Opposition Warns It May Block All Roads to Phnom Penh

The opposition CNRP on Thursday threatened to block traffic in and out of Phnom Penh along all major roads next month unless the government meets its demands, including new elections and Prime Minister Hun Sen’s resignation.

Mao Monivann, deputy director of the CNRP’s executive committee, said the party leadership had decided on the possibility of blocking roads last week.

In the aftermath of July’s election, the opposition wanted the ruling CPP to conduct a thorough and independent investigation of the vote. CPP officials rejected that request.

During this week’s rallies around Phnom Penh, the opposition raised new demands: to hold a new election and for Prime Minister Hun Sen to step down.

“We will block all the main national roads providing access to Phnom Penh in January, but we haven’t set the date yet,” Mr. Monivann said.

“It is our strategy for a re-election if the government does not find a solution.”

Despite a constant police presence, authorities to date have largely allowed the opposition to wreak minor havoc on city traffic with its numerous protest marches around Phnom Penh since the election.

A deliberate attempt to block major roads would be something new for the opposition, however. And if authorities attempt to dislodge them by force, Mr. Monivann reminded the government that the outside world will be watching.

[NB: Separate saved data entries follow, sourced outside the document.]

lemma orthonormal_on_inj: "orthonormal_on I v \<Longrightarrow> inj_on v I"
  unfolding orthonormal_on_def inj_on_def by (metis one_neq_zero)

lemma orthonormal_on_independent:
  fixes v :: "'i \<Rightarrow> 'a::euclidean_space"
  assumes "orthonormal_on I v"
  shows "independent (v ` I)"
proof (rule pairwise_orthogonal_independent)
  show "pairwise orthogonal (v ` I)"
    using assms unfolding orthonormal_on_def pairwise_def orthogonal_def by auto
  show "0 \<notin> v ` I"
    using assms unfolding orthonormal_on_def by (metis imageE inner_zero_left zero_neq_one)
qed

lemma inner_sum_orthonormal:
  assumes "finite I" "orthonormal_on I v"
  shows "(\<Sum>i\<in>I. c i *\<^sub>R v i) \<bullet> (\<Sum>j\<in>I. d j *\<^sub>R v j) = (\<Sum>i\<in>I. c i * d i)"
proof -
  have "(\<Sum>i\<in>I. c i *\<^sub>R v i) \<bullet> (\<Sum>j\<in>I. d j *\<^sub>R v j)
      = (\<Sum>i\<in>I. \<Sum>j\<in>I. c i * d j * (v i \<bullet> v j))"
    unfolding inner_sum_left inner_sum_right by (simp add: sum_distrib_left mult_ac, rule sum.swap)
  also have "\<dots> = (\<Sum>i\<in>I. \<Sum>j\<in>I. if j = i then c i * d i else 0)"
    using assms(2) unfolding orthonormal_on_def by (intro sum.cong refl) auto
  finally show ?thesis
    using assms(1) by simp
qed

lemma inner_orthonormal_sum:
  assumes "finite I" "orthonormal_on I v" "j \<in> I"
  shows "v j \<bullet> (\<Sum>i\<in>I. c i *\<^sub>R v i) = c j"
proof -
  have "v j \<bullet> (\<Sum>i\<in>I. c i *\<^sub>R v i) = (\<Sum>i\<in>I. if i = j then c j else 0)"
    unfolding inner_sum_right using assms(2,3) unfolding orthonormal_on_def
    by (intro sum.cong refl) (auto simp: inner_commute)
  then show ?thesis
    using assms by simp
qed

lemma bessel_inequality:
  assumes "finite I" "orthonormal_on I v"
  shows "(\<Sum>i\<in>I. (v i \<bullet> x)^2) \<le> x \<bullet> x"
proof -
  define p where "p = (\<Sum>i\<in>I. (v i \<bullet> x) *\<^sub>R v i)"
  have pp: "p \<bullet> p = (\<Sum>i\<in>I. (v i \<bullet> x)^2)"
    unfolding p_def by (simp add: inner_sum_orthonormal[OF assms] power2_eq_square)
  have xp: "x \<bullet> p = (\<Sum>i\<in>I. (v i \<bullet> x)^2)"
    unfolding p_def by (simp add: inner_sum_right power2_eq_square inner_commute)
  have "0 \<le> (x - p) \<bullet> (x - p)"
    by simp
  also have "\<dots> = x \<bullet> x - 2 * (x \<bullet> p) + p \<bullet> p"
    by (simp add: inner_diff inner_commute)
  finally show ?thesis
    using pp xp by simp
qed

“The government should understand that if there is a crackdown on the protests, the international community will see, because Cambodia is a member of the U.N. and the International Criminal Court,” he said.

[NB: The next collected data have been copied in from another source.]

(* Let $q=2^h$, $m\ge1$, and on $V=\mathbb{F}_q^{2m}$ let $\langle u,v\rangle=uFv^T$ with $F=\begin{pmatrix}0&I_m\\ I_m&0\end{pmatrix}$, $\vartheta_0(u)=uEu^T$ with $E=\begin{pmatrix}0&I_m\\0&0\end{pmatrix}$, and $\vartheta_a(u)=\vartheta_0(u)+\langle a,u\rangle^2$ for $a\in V$. For $c\in V$ let $T_c:V\to V$, $u\mapsto u+\langle u,c\rangle c$ be the symplectic transvection, and for a quadratic form $\Theta$ and invertible linear $A$ put $\Theta^A(u)=\Theta(uA^{-1})$. Let $a,b\in V$, $a\neq b$. The following are equivalent: (i) there exists $c\in V$ with $\vartheta_a^{T_c}=\vartheta_b$; (ii) there exists $\gamma\in\mathbb{F}_q^*$ with $\vartheta_a^{T_{\gamma(a+b)}}=\vartheta_b$; (iii) $\mathrm{Tr}_{\mathbb{F}_q/\mathbb{F}_2}(\vartheta_0(a))=\mathrm{Tr}_{\mathbb{F}_q/\mathbb{F}_2}(\vartheta_0(b))$; (iv) the polynomial $t^2+t+\vartheta_0(a)+\vartheta_0(b)$ is reducible over $\mathbb{F}_q$. *)

theory Defs
  imports "HOL-Analysis.Analysis" "HOL-Computational_Algebra.Polynomial"
begin

text \<open>The space V = F_q^{2m} is represented as pairs (x, y) with x, y in F_q^m,
  i.e. a row vector u = (x | y) split into its two blocks of length m.\<close>

type_synonym ('a, 'm) sp = "('a ^ 'm) \<times> ('a ^ 'm)"
lemma additive_nonneg_eq_id:
  fixes H :: "real \<Rightarrow> real"
  assumes nonneg: "\<And>c. c \<ge> 0 \<Longrightarrow> H c \<ge> 0" and one: "H 1 = 1"
    and add: "\<And>x y. x \<ge> 0 \<Longrightarrow> y \<ge> 0 \<Longrightarrow> H (x + y) = H x + H y"
    and "c \<ge> 0"
  shows "H c = c"
proof -
  have mono: "H x \<le> H y" if "0 \<le> x" "x \<le> y" for x y
    using add[of x "y - x"] nonneg[of "y - x"] that by simp
  have mult: "H (real n * x) = real n * H x" if "x \<ge> 0" for n x
  proof (induction n)
    case 0
    show ?case using add[of 0 0] by simp
  next
    case (Suc n)
    have "H (real (Suc n) * x) = H (real n * x) + H x"
      using add[of "real n * x" x] that by (simp add: algebra_simps)
    then show ?case using Suc by (simp add: algebra_simps)
  qed
  have "\<bar>H c - c\<bar> \<le> 1 / real m" if "m > 0" for m :: nat
  proof -
    define k where "k = nat \<lfloor>real m * c\<rfloor>"
    have k: "real k \<le> real m * c" "real m * c \<le> real k + 1"
      using \<open>c \<ge> 0\<close> by (simp_all add: k_def)
    have "real k \<le> H (real m * c)" "H (real m * c) \<le> real k + 1"
      using mono[OF _ k(1)] mono[OF _ k(2)] mult[of 1 k] mult[of 1 "k + 1"] one \<open>c \<ge> 0\<close> by (simp_all add: add.commute)
    then have "\<bar>real m * H c - real m * c\<bar> \<le> 1"
      using mult[OF \<open>c \<ge> 0\<close>, of m] k by (simp add: abs_le_iff)
    moreover have "\<bar>real m * H c - real m * c\<bar> = real m * \<bar>H c - c\<bar>"
      by (simp add: abs_mult flip: right_diff_distrib)
    ultimately have "real m * \<bar>H c - c\<bar> \<le> 1" by simp
    then show ?thesis using that by (simp add: field_simps)
  qed
  then have "\<bar>H c - c\<bar> \<le> 0"
    by (metis inverse_eq_divide less_imp_le nat_approx_posE order.trans
        zero_less_Suc linorder_not_less)
  then show ?thesis by simp
qed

Interior Ministry spokesman Khieu Sopheak said the blocking of roads would be in clear violations of the law.

“According to the traffic law, anyone who blocks the road will be punished according to Article 78,” he said.

That article says that anyone who obstructs public traffic can face up to a year in prison and a fine of up to 2 million riel, about $500.

Asked how authorities would react to such a move by the opposition, Lieutenant General Sopheak said, “We will act according to the law…according to the punishment chapter.”

Military police spokesman Kheng Tito was more direct about the government’s likely reaction.

“If the CNRP blocks all national roads into Phnom Penh it will be illegal, so our forces have to implement the law to break up the protests,” he said. “We will not allow them to do the roadblock; we will prevent them and we will use force depending on the situation.

“They have the right to demonstrate, but they have to avoid impacting the rights of other people,” he added.

The CNRP’s threat to block roads came Thursday on the fifth straight day of protests in Phnom Penh. From Freedom Park, where a few thousand opposition supporters had gathered, CNRP President Sam Rainsy led a two-and-a-half-hour protest drive around the city’s northern outskirts before returning to the park after dusk. Usually accompanied by CNRP Vice President Kem Sokha, Mr. Rainsy said his political companion had gone to the provinces to rally more supporters.

Mr. Rainsy also urged more opposition supporters to join the rallies and, despite the party’s promise to keep the protests going, said Sunday may be the last day.

“Please to all of you, Sunday might be the final day, so please more and more of you come,” he said.